Thursday, April 25, 2024

One large helping of revenge please

Hello, welcome to Sunday.

If you’re hoping for plenty of action-packed, cliff-hanging, edge of seat, thrilling and spilling Arsenal news then I’m afraid you’re going to be disappointed. The only spilling this morning is my coffee from out of my new Bodum©®, and even that was only a little bit.

If there were a micro-community living in the grooves on the counter-top it will forever known as ‘Scaldy Tsunami Sunday’, when all of a sudden it rained a massive lump of brown liquid, but I doubt there is and it took only one sheet of kitchen towel to clean it up. Yes, it’s that kind of Sunday.

Some of the papers are talking about Roy Hodgson having ‘concerns’ over Alex Oxlade-Chamberlain because he didn’t play as well in the 15 minutes of the second half he was granted as he did in the first. Hodgson explains:

I thought he’d been very good through that first half. He’d done what we wanted him to do, and what I’d selected him to do, extremely well. But we’d made it clear to him we intended to take him off after 60 minutes, so I think he forgot to play in those first 15 minutes of the second half. That will be an interesting lesson for him as well. Especially when I tell him.

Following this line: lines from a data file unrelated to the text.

(* Let $\mathfrak g$ be a perfect Lie algebra (i.e. $[\mathfrak g,\mathfrak g]=\mathfrak g$), let $k\ge2$ be an integer and let $m\in\mathbb F$ with $m\ne0$ and $m\notin\{-1,-2,-3,\dots\}$. If a linear map $f:\mathfrak g\to\mathfrak g$ satisfies $$m\, f([x_1,\dots,x_k])+\sum_{i=2}^{k}[x_1,\dots,x_{i-1},f([x_i,\dots,x_k])]=0$$ for all $x_1,\dots,x_k\in\mathfrak g$, then $f=0$.
   Context: All Lie algebras are finite-dimensional over an algebraically closed field $\mathbb F$ of characteristic zero. For $x_1,\dots,x_{n}\in\mathfrak g$, $[x_1,\dots,x_{n}]$ denotes the right-nested bracket $[x_1,[x_2,[\dots,[x_{n-1},x_{n}]\dots]]]$, with $[x]=x$ for a single element; thus the term $i=k$ of the sum is $[x_1,\dots,x_{k-1},f(x_k)]$. *)

theory Defs
  imports Main "HOL-Computational_Algebra.Polynomial"
begin

definition alg_closed_field :: "'k::field itself \<Rightarrow> bool" where
  "alg_closed_field _ \<longleftrightarrow> (\<forall>p :: 'k poly. 0 < degree p \<longrightarrow> (\<exists>x. poly p x = 0))"

definition lie_algebra :: "('k::field \<Rightarrow> 'v::ab_group_add \<Rightarrow> 'v) \<Rightarrow> ('v \<Rightarrow> 'v \<Rightarrow> 'v) \<Rightarrow> bool" where
  "lie_algebra sc br \<longleftrightarrow>
     vector_space sc \<and>
     (\<exists>B. finite B \<and> module.span sc B = UNIV) \<and>
     (\<forall>x. Vector_Spaces.linear sc sc (br x)) \<and>
     (\<forall>y. Vector_Spaces.linear sc sc (\<lambda>x. br x y)) \<and>
     (\<forall>x. br x x = 0) \<and>
     (\<forall>x y z. br x (br y z) + br y (br z x) + br z (br x y) = 0)"

definition perfect_lie :: "('k::field \<Rightarrow> 'v::ab_group_add \<Rightarrow> 'v) \<Rightarrow> ('v \<Rightarrow> 'v \<Rightarrow> 'v) \<Rightarrow> bool" where
  "perfect_lie sc br \<longleftrightarrow> module.span sc {br x y | x y. True} = UNIV"

fun rnest :: "('v \<Rightarrow> 'v \<Rightarrow> 'v) \<Rightarrow> 'v list \<Rightarrow> 'v" where
  "rnest br [] = undefined"
| "rnest br [x] = x"
| "rnest br (x # y # ys) = br x (rnest br (y # ys))"

end

theory Submission
  imports Defs
begin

Now, far be it for me to offer advice to an experienced football manager such as Hodgson, but perhaps a) it’d be better not to tell a player you’re going to take him off after 15 minutes of the second half and b) wouldn’t he be better off hearing it from said manager first rather than reading it in the papers? Point a) in particular seems pertinent to me. If a guy has had a good first half – something Hodgson freely admits – telling him you’re going to haul him off doesn’t make much sense and is hardly going to inspire and enthuse said player.

I suspect it’s probably about him keeping his focus at all times, and it might not be a bad lesson to learn, but the more I think about this more I genuinely don’t give a fish’s tit. Frankly, fair play to Hodgson for only giving him an hour, it’s 30 minutes less chance of him doing himself some damage and missing Arsenal games. England play Ukraine on Tuesday and the Ox will probably start because Hodgson does seem to love him, so let’s hope for more of the same (in terms of uinjuredosity, not substitutions and that).

Elsewhere, Abou Diaby wants to revenge. Not on Dan Smith for shattering his ankle. Not on Paul Robinson or  Michael Essien for compounding his injury problems with horrible tackes. No, he wants revenge on time itself. He says:

I have revenge to take over the time I lost but I want to prove to myself that I can go higher. I am getting to an age and to a time in my career where I need to show what I can do on the pitch in the long term.

It was my destiny, it was written [to come back]. I had to fight to put an end to all those injuries and to be able to express myself on a pitch again.

And yeah, we’ve done the whole ‘It’s great he’s back thing’ and ‘I hope he stays fit’ stuff. I like the idea of having revenge on time. And other stuff we don’t normally think of. For example, after another miserable summer I would like to revenge on Mother Nature. Perhaps starting with small stuff, like ringing her doorbell and running away, and having some pizzas delivered that she didn’t order, but in the end it would get epic.

‘Thirty days of rain, eh? How about this?!’, I would exclaim very quietly to myself as I transplanted John Terry’s head onto her cats body before injecting said abomination with Highlander’s blood so it lived forever and spent its days mounting cats that weren’t its wife whilst falling over at the most inopportune moments

‘Below average temperatures in June and July? Take this!’, I would bellow softly before installing an elaborate speaker system throughout her house which would then play Stairway to Heaven all day long. Forever.

‘Not quite warm enough to barbecue at 8 in the evening? You wicked witch!’, I might gently shriek before erecting a McDonald’s sign outside her house so that when she woke up there would be hundreds of foreign language students all sitting about on the road outside making it slightly difficult for her to get past.

As a concept it is wondrous. Diaby, like Tomas Rosicky, has missed a lot of his career through injury. The Czech spoke last season about how his ‘football age’ was only 29. Based on Rosicky’s calculations and the application of a Eulerian theorem (Euler? Anybody. Euler? Euler?) I estimate that Diaby’s ‘football age’ is a mere 23. They are, quite literally, Time Bandits.

And what better place to leave a Sunday blog than that? Till tomorrow.